Wednesday, September 01, 2010

MySQL InnoDB hot backups and restores with Percona XtraBackup

I blogged a while ago about MySQL fault-tolerance and disaster recovery techniques. At that time I was experimenting with the non-free InnoDB Hot Backup product. In the mean time I discovered Percona's XtraBackup (thanks Robin!). Here's how I tested XtraBackup for doing a hot backup and a restore of a MySQL database running Percona XtraDB (XtraBackup works with vanilla InnoDB too).

First of all, I use the following Percona .deb packages on a 64-bit Ubuntu Lucid EC2 instance:


# dpkg -l | grep percona
ii libpercona-xtradb-client-dev 5.1.43-xtradb-1.0.6-9.1-60.jaunty.11 Percona SQL database development files
ii libpercona-xtradb-client16 5.1.43-xtradb-1.0.6-9.1-60.jaunty.11 Percona SQL database client library
ii percona-xtradb-client-5.1 5.1.43-xtradb-1.0.6-9.1-60.jaunty.11 Percona SQL database client binaries
ii percona-xtradb-common 5.1.43-xtradb-1.0.6-9.1-60.jaunty.11 Percona SQL database common files (e.g. /etc
ii percona-xtradb-server-5.1 5.1.43-xtradb-1.0.6-9.1-60.jaunty.11 Percona SQL database server binaries

I tried using the latest stable XtraBackup .deb package from the Percona downloads site but it didn't work for me.

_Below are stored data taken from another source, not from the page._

lemma integrable_mult_if_square_integrable:
  fixes f g :: "'a \<Rightarrow> real"
  assumes [measurable]: "f \<in> borel_measurable M" "g \<in> borel_measurable M"
    and "integrable M (\<lambda>x. (f x)\<^sup>2)" "integrable M (\<lambda>x. (g x)\<^sup>2)"
  shows "integrable M (\<lambda>x. f x * g x)"
proof (rule Bochner_Integration.integrable_bound[OF Bochner_Integration.integrable_add[OF assms(3,4)]])
  show "AE x in M. norm (f x * g x) \<le> norm ((f x)\<^sup>2 + (g x)\<^sup>2)"
  proof (intro AE_I2)
    fix x
    have "2 * (\<bar>f x\<bar> * \<bar>g x\<bar>) \<le> (f x)\<^sup>2 + (g x)\<^sup>2"
      using sum_squares_bound[of "\<bar>f x\<bar>" "\<bar>g x\<bar>"] by simp
    moreover have "0 \<le> \<bar>f x\<bar> * \<bar>g x\<bar>" by simp
    ultimately have "\<bar>f x\<bar> * \<bar>g x\<bar> \<le> (f x)\<^sup>2 + (g x)\<^sup>2" by linarith
    then show "norm (f x * g x) \<le> norm ((f x)\<^sup>2 + (g x)\<^sup>2)"
      by (simp add: abs_mult)
  qed
qed simp

lemma (in sigma_finite_subalgebra) integral_cond_exp_residual_square:
  fixes X :: "'a \<Rightarrow> real"
  assumes "integrable M X" "integrable M (\<lambda>x. (X x)\<^sup>2)"
  shows "integrable M (\<lambda>x. (real_cond_exp M F X x)\<^sup>2)"
    and "integrable M (\<lambda>x. (X x - real_cond_exp M F X x)\<^sup>2)"
    and "(\<integral>x. (X x - real_cond_exp M F X x)\<^sup>2 \<partial>M)
           = (\<integral>x. (X x)\<^sup>2 \<partial>M) - (\<integral>x. (real_cond_exp M F X x)\<^sup>2 \<partial>M)"
proof -
  let ?Q = "real_cond_exp M F X"
  have [measurable]: "X \<in> borel_measurable M" using assms(1) by auto
  show Q2: "integrable M (\<lambda>x. (?Q x)\<^sup>2)"
    by (rule integrable_convex_cond_exp[where I=UNIV and q="\<lambda>x. x\<^sup>2"])
       (auto simp: assms convex_power2)
  have QX: "integrable M (\<lambda>x. ?Q x * X x)"
    using assms(2) Q2 by (intro integrable_mult_if_square_integrable) auto
  have "(\<integral>x. ?Q x * ?Q x \<partial>M) = (\<integral>x. ?Q x * X x \<partial>M)"
    using real_cond_exp_intg(2)[OF QX] by simp
  moreover have "(\<lambda>x. (X x - ?Q x)\<^sup>2) = (\<lambda>x. (X x)\<^sup>2 - 2 * (?Q x * X x) + (?Q x)\<^sup>2)"
    by (simp add: power2_eq_square algebra_simps)
  ultimately show "integrable M (\<lambda>x. (X x - ?Q x)\<^sup>2)"
    and "(\<integral>x. (X x - ?Q x)\<^sup>2 \<partial>M) = (\<integral>x. (X x)\<^sup>2 \<partial>M) - (\<integral>x. (?Q x)\<^sup>2 \<partial>M)"
    using assms(2) QX Q2 by (simp_all add: power2_eq_square)
qed

lemma abs_mult_le_1_if_sum_squares_eq_1:
  fixes h :: "'i \<Rightarrow> real"
  assumes "finite I" "(\<Sum>k\<in>I. (h k)\<^sup>2) = 1" "i \<in> I" "j \<in> I"
  shows "\<bar>h i * h j\<bar> \<le> 1"
proof -
  have "(h k)\<^sup>2 \<le> 1" if "k \<in> I" for k
    using member_le_sum[of k I "\<lambda>k. (h k)\<^sup>2"] assms that by simp
  then show ?thesis
    using assms by (simp add: abs_mult abs_square_le_1 mult_le_one)
qed

lemma sum_unit_bilinear_le_amgm:
  fixes h :: "'i \<Rightarrow> real" and q :: "'i \<Rightarrow> 'i \<Rightarrow> real"
  assumes unit: "(\<Sum>i\<in>I. (h i)\<^sup>2) = 1" and "0 < t"
  shows "(\<Sum>i\<in>I. \<Sum>j\<in>I. h i * h j * q i j) \<le> (t + (\<Sum>i\<in>I. \<Sum>j\<in>I. (q i j)\<^sup>2) / t) / 2"
proof -
  have amgm: "h i * h j * q i j \<le> (t * (h i * h j)\<^sup>2 + (q i j)\<^sup>2 / t) / 2" for i j
  proof -
    have "0 \<le> (t * (h i * h j) - q i j)\<^sup>2 / t" using \<open>0 < t\<close> by simp
    also have "\<dots> = t * (h i * h j)\<^sup>2 - 2 * (h i * h j * q i j) + (q i j)\<^sup>2 / t"
      using \<open>0 < t\<close> by (simp add: power2_eq_square field_simps)
    finally show ?thesis by simp
  qed
  have "(\<Sum>i\<in>I. \<Sum>j\<in>I. h i * h j * q i j)
      \<le> (\<Sum>i\<in>I. \<Sum>j\<in>I. (t * (h i * h j)\<^sup>2 + (q i j)\<^sup>2 / t) / 2)"
    by (intro sum_mono amgm)
  also have "\<dots> = (t * (\<Sum>i\<in>I. \<Sum>j\<in>I. (h i * h j)\<^sup>2) + (\<Sum>i\<in>I. \<Sum>j\<in>I. (q i j)\<^sup>2) / t) / 2"
    by (simp only: sum_divide_distrib[symmetric] sum.distrib sum_distrib_left add_divide_distrib)
  also have "(\<Sum>i\<in>I. \<Sum>j\<in>I. (h i * h j)\<^sup>2) = (\<Sum>i\<in>I. (h i)\<^sup>2) * (\<Sum>j\<in>I. (h j)\<^sup>2)"
    by (simp add: sum_product power_mult_distrib)
  finally show ?thesis using unit by simp
qed

context prob_space
begin

lemma integral_unit_bilinear_le_sqrt:
  fixes h :: "'i \<Rightarrow> 'a \<Rightarrow> real" and Q :: "'i \<Rightarrow> 'i \<Rightarrow> 'a \<Rightarrow> real"
  assumes "finite I"
    and h: "\<And>i. i \<in> I \<Longrightarrow> h i \<in> borel_measurable M"
    and unit: "\<And>x. x \<in> space M \<Longrightarrow> (\<Sum>i\<in>I. (h i x)\<^sup>2) = 1"
    and Q: "\<And>i j. i \<in> I \<Longrightarrow> j \<in> I \<Longrightarrow> Q i j \<in> borel_measurable M"
    and Q2: "\<And>i j. i \<in> I \<Longrightarrow> j \<in> I \<Longrightarrow> integrable M (\<lambda>x. (Q i j x)\<^sup>2)"
  shows "\<And>i j. i \<in> I \<Longrightarrow> j \<in> I \<Longrightarrow> integrable M (\<lambda>x. h i x * h j x * Q i j x)"
    and "(\<integral>x. (\<Sum>i\<in>I. \<Sum>j\<in>I. h i x * h j x * Q i j x) \<partial>M)
           \<le> sqrt (\<Sum>i\<in>I. \<Sum>j\<in>I. \<integral>x. (Q i j x)\<^sup>2 \<partial>M)"
proof -
  have hhQ: "integrable M (\<lambda>x. h i x * h j x * Q i j x)" if "i \<in> I" "j \<in> I" for i j
  proof (rule Bochner_Integration.integrable_bound)
    show "integrable M (Q i j)"
      using square_integrable_imp_integrable[OF Q[OF that] Q2[OF that]] .
    show "(\<lambda>x. h i x * h j x * Q i j x) \<in> borel_measurable M"
      using h Q that by measurable
    show "AE x in M. norm (h i x * h j x * Q i j x) \<le> norm (Q i j x)"
    proof (rule AE_I2)
      fix x assume "x \<in> space M"
      then have "\<bar>h i x * h j x\<bar> \<le> 1"
        using abs_mult_le_1_if_sum_squares_eq_1[OF \<open>finite I\<close> unit that] by blast
      then show "norm (h i x * h j x * Q i j x) \<le> norm (Q i j x)"
        by (simp add: abs_mult mult_left_le_one_le)
    qed
  qed
  then show "\<And>i j. i \<in> I \<Longrightarrow> j \<in> I \<Longrightarrow> integrable M (\<lambda>x. h i x * h j x * Q i j x)" .
  let ?S = "\<Sum>i\<in>I. \<Sum>j\<in>I. \<integral>x. (Q i j x)\<^sup>2 \<partial>M"
  show "(\<integral>x. (\<Sum>i\<in>I. \<Sum>j\<in>I. h i x * h j x * Q i j x) \<partial>M) \<le> sqrt ?S"
  proof (rule le_sqrt_if_forall_le_amgm)
    show "0 \<le> ?S" by (intro sum_nonneg integral_nonneg_AE) auto
    fix t :: real assume "0 < t"
    have pointwise: "(\<Sum>i\<in>I. \<Sum>j\<in>I. h i x * h j x * Q i j x)
        \<le> (t + (\<Sum>i\<in>I. \<Sum>j\<in>I. (Q i j x)\<^sup>2) / t) / 2" if "x \<in> space M" for x
      using sum_unit_bilinear_le_amgm[OF unit[OF that] \<open>0 < t\<close>] .
    have "(\<integral>x. (\<Sum>i\<in>I. \<Sum>j\<in>I. h i x * h j x * Q i j x) \<partial>M)
        \<le> (\<integral>x. (t + (\<Sum>i\<in>I. \<Sum>j\<in>I. (Q i j x)\<^sup>2) / t) / 2 \<partial>M)"
      using hhQ Q2 pointwise by (intro integral_mono) auto
    also have "\<dots> = (t + ?S / t) / 2"
      using Q2 by (simp add: prob_space)
    finally show "(\<integral>x. (\<Sum>i\<in>I. \<Sum>j\<in>I. h i x * h j x * Q i j x) \<partial>M) \<le> (t + ?S / t) / 2" .
  qed
qed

I started a hot backup with /usr/bin/innobackupex-1.5.1 and it ran for a while before dying with "InnoDB: Operating system error number 9 in a file operation." See this bug report for more details.

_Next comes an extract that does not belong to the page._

(* For every integer $m\ge0$, the measure $\mathbb{P}^{(m)}_{\sigma}$ gives full measure to the set of paths $x=(x_p)_{p\in\mathcal P}\in\prod_{p\in\mathcal P}D(\mathbb{Q}_p)$ such that $x(t)\in\mathbb{A}_{\mathbb{Q}}$ for all $t\ge0$; that is, the adelic random walk $\mathbf S^{(m)}$ is almost surely $\mathbb{A}_{\mathbb{Q}}$-valued for all time.
   Context: Fix a real exponent $b>0$ and a sequence $\sigma=(\sigma_p)_{p\in\mathcal P}$ of nonnegative reals indexed by the set $\mathcal P$ of primes with $\sum_p\sigma_p<\infty$. For a prime $p$, $\mathbb{Q}_p$ denotes the $p$-adic numbers with absolute value $|\cdot|_p$ and $\mathbb{Z}_p$ its closed unit ball. Let $G_p\subset\mathbb{Q}_p$ be the set of $p$-adic numbers of the form $\sum_{k<0}a_kp^k$ with $a_k\in\{0,\dots,p-1\}$, only finitely many nonzero; $G_p$ is a set of representatives of $\mathbb{Q}_p/\mathbb{Z}_p$ and is given the group structure of $\mathbb{Q}_p/\mathbb{Z}_p$. Let $X^{(p)}$ be a $G_p$-valued random variable with $\Pr(|X^{(p)}|_p=p^k)=(p^b-1)p^{-kb}$ for every integer $k\ge1$, and, conditionally on $|X^{(p)}|_p=p^k$, uniformly distributed on the finite set $\{x\in G_p:|x|_p=p^k\}$. Let $X^{(p)}_1,X^{(p)}_2,\dots$ be i.i.d. copies of $X^{(p)}$ and $S^{(p)}_n=X^{(p)}_1+\dots+X^{(p)}_n$ (sum in the group $G_p$), $S^{(p)}_0=0$. Put $D_p=\frac{p^b(p-1)}{p^{b+1}-1}\sigma_p$. For an integer $m\ge0$, let $\mathbb{P}^{(m)}_p$ be the law on the Skorokhod space $D(\mathbb{Q}_p)$ of càdlàg paths $[0,\infty)\to\mathbb{Q}_p$ of the process $t\mapsto p^mS^{(p)}_{\lfloor D_pp^{mb}t\rfloor}$. Let $\mathbb{P}^{(m)}_\sigma=\prod_{p\in\mathcal P}\mathbb{P}^{(m)}_p$ be the product measure on $\prod_{p\in\mathcal P}D(\mathbb{Q}_p)$ (independent components, each random walk independent across primes), and call the coordinate process $\mathbf S^{(m)}(t)=(p^mS^{(p)}_{\lfloor D_pp^{mb}t\rfloor})_{p\in\mathcal P}$ the adelic random walk. The (finite rational) adeles are $\mathbb{A}_{\mathbb{Q}}=\{x=(x_p)\in\prod_p\mathbb{Q}_p: x_p\in\mathbb{Z}_p\text{ for all but finitely many }p\}$. *)

theory Defs
  imports "HOL-Probability.Probability" "HOL-Computational_Algebra.Computational_Algebra"
begin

After unsuccessfully trying to compile XtraBackup from source, I tried XtraBackup-1.3-beta for Lucid from the Percona downloads. This worked fine.

Here's the scenario I tested against a MySQL Percona XtraDB instance running with DATADIR=/var/lib/mysql/m10 and a customized configuration file /etc/mysql10/my.cnf. I created and attached an EBS volume which I mounted as /xtrabackup on the instance running MySQL.

1) Take a hot backup of all databases under that instance:

/usr/bin/innobackupex-1.5.1 --defaults-file=/etc/mysql10/my.cnf --user=root --password=xxxxxx /xtrabackup

This will take a while and will create a timestamped directory under /xtrabackup, where it will store the database files from DATADIR. Note that the InnoDB log files are not created unless you apply step 2 below.

As the documentation says, make sure the output of innobackupex-1.5.1 ends with:

100901 05:33:12 innobackupex-1.5.1: completed OK!

2) Apply the transaction logs to the datafiles just created, so that the InnoDB logfiles are recreated in the target directory:

/usr/bin/innobackupex-1.5.1 --defaults-file=/etc/mysql10/my.cnf --user=root --password=xxxxxx --apply-log /xtrabackup/2010-09-01_05-21-36/

At this point, I tested a disaster recovery scenario by stopping MySQL and moving all files in DATADIR to a different location.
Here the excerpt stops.